◆ What this task involves
When the string "longrightarrow" occurs in a line of the listing below, return that line.

◆ Material shown

(* Define, for $z=(p,\tilde\theta)\in\mathbb{R}^n\times\mathbb{R}^{|\mathcal E|}$ and $\sigma=(\lambda,\eta,\nu)\in\mathbb{R}\times\mathbb{R}^{2|\mathcal E|}\times\mathbb{R}^n$, \[ \hat L(z,\sigma)=\sum_{j=1}^n J_j(p_j)-\tfrac12\nu^TD\nu+\nu^T(p-d-CB\tilde\theta)-\lambda\mathbf 1^T(p-d)+\eta^T\big(H^T(p-d)-F\big), \] and the closed-loop system \[ T^z\dot z=-\nabla_z\hat L(z,\sigma),\qquad T^\sigma\dot\sigma=\big[\nabla_\sigma\hat L(z,\sigma)\big]^+_\eta, \] where $T^z,T^\sigma$ are diagonal matrices with positive diagonal entries and the projection acts only on the $\eta$-components. Let $(z^*,\sigma^* )$, with $\eta^*\ge0$, be an equilibrium of this system. If a trajectory $(z(t),\sigma(t))$ of the system with $\eta(0)\ge0$ satisfies $\hat L(z^*,\sigma(t))\equiv\hat L(z^*,\sigma^* )$ and $\hat L(z(t),\sigma^* )\equiv\hat L(z^*,\sigma^* )$ for all $t\ge0$, then $\dot z\equiv0$ and $\dot\sigma\equiv0$.
   Context: $(\mathcal N,\mathcal E)$ is a connected directed graph with $\mathcal N=\{1,\dots,n\}$; $C$ is its incidence matrix ($C_{j,e}=1$ if $e=(j,k)$, $-1$ if $e=(k,j)$, $0$ otherwise). $B$ and $D$ are diagonal with positive diagonal entries. $L:=CBC^T$, $H\in\mathbb{R}^{n\times 2|\mathcal E|}$ with $H^T=\begin{bmatrix} BC^TL^\dagger\\ -BC^TL^\dagger\end{bmatrix}$ ($L^\dagger$ Moore–Penrose inverse), $F=\begin{bmatrix}\overline F\\-\underline F\end{bmatrix}\in\mathbb{R}^{2|\mathcal E|}$, $d\in\mathbb{R}^n$. Each $J_j:\mathbb{R}\to\mathbb{R}$ is strictly convex and twice differentiable. Projection: for vectors $y,u$ of equal length, $([y]^+_u)_j=y_j$ if $y_j>0$ or $u_j>0$, and $0$ otherwise; here $[\cdot]^+_\eta$ is applied to the $\eta$-block of the gradient with $u=\eta$, other blocks unchanged. (This system models generators' quantity-bidding gradient play, market pricing dynamics, and linearized swing dynamics with $\omega\equiv\nu$.) *)

theory Defs
  imports "HOL-Analysis.Analysis"
begin

definition simple_digraph :: "('e \<Rightarrow> 'n) \<Rightarrow> ('e \<Rightarrow> 'n) \<Rightarrow> bool" where
  "simple_digraph src tgt \<longleftrightarrow> (\<forall>e. src e \<noteq> tgt e) \<and> inj (\<lambda>e. (src e, tgt e))"

definition connected_digraph :: "('e \<Rightarrow> 'n) \<Rightarrow> ('e \<Rightarrow> 'n) \<Rightarrow> bool" where
  "connected_digraph src tgt \<longleftrightarrow>
     (\<forall>i j. (i, j) \<in> ({(src e, tgt e) | e. True} \<union> {(tgt e, src e) | e. True})\<^sup>*)"

definition incidence :: "('e \<Rightarrow> 'n) \<Rightarrow> ('e \<Rightarrow> 'n) \<Rightarrow> real^'e^'n" where
  "incidence src tgt = (\<chi> j e. if src e = j then 1 else if tgt e = j then -1 else 0)"

definition is_diag :: "real^'a^'a \<Rightarrow> bool" where
  "is_diag A \<longleftrightarrow> (\<forall>i j. i \<noteq> j \<longrightarrow> A $ i $ j = 0)"

definition pos_diag :: "real^'a^'a \<Rightarrow> bool" where
  "pos_diag A \<longleftrightarrow> is_diag A \<and> (\<forall>i. A $ i $ i > 0)"

definition mp_pinv :: "real^'m^'k \<Rightarrow> real^'k^'m" where
  "mp_pinv A = (THE X. A ** X ** A = A \<and> X ** A ** X = X \<and>
       transpose (A ** X) = A ** X \<and> transpose (X ** A) = X ** A)"

definition strictly_convex :: "(real \<Rightarrow> real) \<Rightarrow> bool" where
  "strictly_convex f \<longleftrightarrow> (\<forall>x y t. x \<noteq> y \<and> 0 < t \<and> t < 1 \<longrightarrow>
      f ((1 - t) * x + t * y) < (1 - t) * f x + t * f y)"

definition twice_differentiable :: "(real \<Rightarrow> real) \<Rightarrow> bool" where
  "twice_differentiable f \<longleftrightarrow> (\<exists>f'. (\<forall>x. (f has_real_derivative f' x) (at x)) \<and>
      (\<forall>x. f' differentiable (at x)))"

◆ Exercise output
  "is_diag A \<longleftrightarrow> (\<forall>i j. i \<noteq> j \<longrightarrow> A $ i $ j = 0)"
  "strictly_convex f \<longleftrightarrow> (\<forall>x y t. x \<noteq> y \<and> 0 < t \<and> t < 1 \<longrightarrow>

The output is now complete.